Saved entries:

- - -

lemma exp_mult_exp_eq_shorter_product:
  fixes A B :: "'a::{real_normed_algebra_1,banach}"
  assumes "norm (A + B) < norm A + norm B"
  obtains A' Z B' where "exp A * exp B = exp A' * exp Z * exp B'"
    and "norm A' + norm Z + norm B' < norm A + norm B"
proof -
  define a b c where "a = norm A" and "b = norm B" and "c = norm (A + B)"
  define K where "K = a ^ 2 + b ^ 2 + 4 * a * b"
  have "\<forall>\<^sub>F t in at_right 0. c + t * K + 4 * t * (c + t * K) ^ 2 < a + b"
    using assms by (intro order_tendstoD(2)[where y = c]) (auto intro!: tendsto_eq_intros simp: a_def b_def c_def)
  moreover have "\<forall>\<^sub>F t in at_right 0. t < 1 \<and> t * a < 1 \<and> t * b < 1 \<and> t * c + t ^ 2 * K < 1/8"
    by (intro eventually_conj order_tendstoD(2)[where y = 0]) (auto intro!: tendsto_eq_intros)
  ultimately have "\<forall>\<^sub>F t in at_right 0. 0 < t \<and> t < 1 \<and> t * a < 1 \<and> t * b < 1 \<and> t * c + t ^ 2 * K < 1/8
      \<and> c + t * K + 4 * t * (c + t * K) ^ 2 < a + b"
    by (intro eventually_conj eventually_at_right_less) (auto elim: eventually_mono)
  then obtain t where t: "0 < t" "t < 1" "t * a < 1" "t * b < 1" "t * c + t ^ 2 * K < 1/8"
    and gain: "c + t * K + 4 * t * (c + t * K) ^ 2 < a + b"
    using eventually_happens'[OF trivial_limit_at_right_real] by blast
  define u where "u = t * c + t ^ 2 * K"
  obtain Z where Z: "exp Z = exp (t *\<^sub>R A) * exp (t *\<^sub>R B)" "norm Z \<le> u + 4 * u ^ 2"
  proof (rule ex_exp_eq_exp_mult_exp)
    show "u = norm (t *\<^sub>R A + t *\<^sub>R B) + norm (t *\<^sub>R A) ^ 2 + norm (t *\<^sub>R B) ^ 2
        + 4 * norm (t *\<^sub>R A) * norm (t *\<^sub>R B)"
      using t(1) by (simp add: u_def K_def a_def b_def c_def power_mult_distrib power2_eq_square algebra_simps
          flip: scaleR_add_right)
  qed (use t in \<open>auto simp: u_def a_def b_def\<close>)
  have "norm Z \<le> t * (c + t * K + 4 * t * (c + t * K) ^ 2)"
    using Z(2) by (simp add: u_def power2_eq_square algebra_simps)
  also have "\<dots> < t * (a + b)"
    using gain t(1) by simp
  finally have "(1 - t) * a + norm Z + (1 - t) * b < a + b"
    by (simp add: algebra_simps)
  moreover have "exp A * exp B = exp ((1 - t) *\<^sub>R A) * exp Z * exp ((1 - t) *\<^sub>R B)"
    using exp_scaleR_add[of "1 - t" t A] exp_scaleR_add[of t "1 - t" B]
    by (simp add: Z(1) mult.assoc)
  ultimately show ?thesis
    using that t(2) by (simp add: a_def b_def)
qed

section \<open>Square matrices with the operator norm\<close>

lemma matrix_vector_mult_axis_nth: "(A *v axis j (1::'a::semiring_1)) $ i = A $ i $ j"
  by (simp add: matrix_vector_mult_def axis_def if_distrib cong: if_cong)

lemma norm_axis_one: "norm (axis j (1::'a::real_normed_algebra_1)) = 1"
  by (simp add: norm_vec_def axis_def L2_set_def if_distrib if_distribR cong: if_cong)

context
  fixes A B :: "'a::{real_normed_field,euclidean_space}^'n^'n"
begin

lemma opnorm2_nonneg: "0 \<le> opnorm2 A"
  unfolding opnorm2_def by (rule onorm_pos_le) simp

lemma norm_matrix_vector_mult_le_opnorm2: "norm (A *v x) \<le> opnorm2 A * norm x"
  unfolding opnorm2_def by (rule onorm) simp

lemma norm_entry_le_opnorm2: "norm (A $ i $ j) \<le> opnorm2 A"
  using norm_matrix_vector_mult_le_opnorm2[of "axis j 1"]
    Finite_Cartesian_Product.norm_nth_le[of "A *v axis j 1" i]
  by (simp add: matrix_vector_mult_axis_nth norm_axis_one)

lemma norm_le_card_sq_opnorm2: "norm A \<le> real CARD('n) ^ 2 * opnorm2 A"
proof -
  have "norm A \<le> (\<Sum>i\<in>UNIV. norm (A $ i))"
    unfolding norm_vec_def by (rule L2_set_le_sum) simp
  also have "\<dots> \<le> (\<Sum>i\<in>(UNIV::'n set). \<Sum>j\<in>(UNIV::'n set). opnorm2 A)"
    unfolding norm_vec_def by (intro sum_mono order_trans[OF L2_set_le_sum] norm_entry_le_opnorm2) simp
  finally show ?thesis
    by (simp add: power2_eq_square)
qed

lemma opnorm2_eq_0_iff: "opnorm2 A = 0 \<longleftrightarrow> A = 0"
proof
  assume "opnorm2 A = 0"
  then show "A = 0"
    using norm_entry_le_opnorm2 by (simp add: vec_eq_iff)
qed (simp add: opnorm2_def onorm_zero)

lemma opnorm2_triangle: "opnorm2 (A + B) \<le> opnorm2 A + opnorm2 B"
  using onorm_triangle[of "(*v) A" "(*v) B"]
  by (simp add: opnorm2_def matrix_vector_mult_add_rdistrib)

- - -

Take the stretch of lines above from the one containing "define u where" through the one containing "using gain t(1) by simp" and repeat it exactly, adding no other line.

» **TASK RESULT**
  define u where "u = t * c + t ^ 2 * K"
  obtain Z where Z: "exp Z = exp (t *\<^sub>R A) * exp (t *\<^sub>R B)" "norm Z \<le> u + 4 * u ^ 2"
  proof (rule ex_exp_eq_exp_mult_exp)
    show "u = norm (t *\<^sub>R A + t *\<^sub>R B) + norm (t *\<^sub>R A) ^ 2 + norm (t *\<^sub>R B) ^ 2
        + 4 * norm (t *\<^sub>R A) * norm (t *\<^sub>R B)"
      using t(1) by (simp add: u_def K_def a_def b_def c_def power_mult_distrib power2_eq_square algebra_simps
          flip: scaleR_add_right)
  qed (use t in \<open>auto simp: u_def a_def b_def\<close>)
  have "norm Z \<le> t * (c + t * K + 4 * t * (c + t * K) ^ 2)"
    using Z(2) by (simp add: u_def power2_eq_square algebra_simps)
  also have "\<dots> < t * (a + b)"
    using gain t(1) by simp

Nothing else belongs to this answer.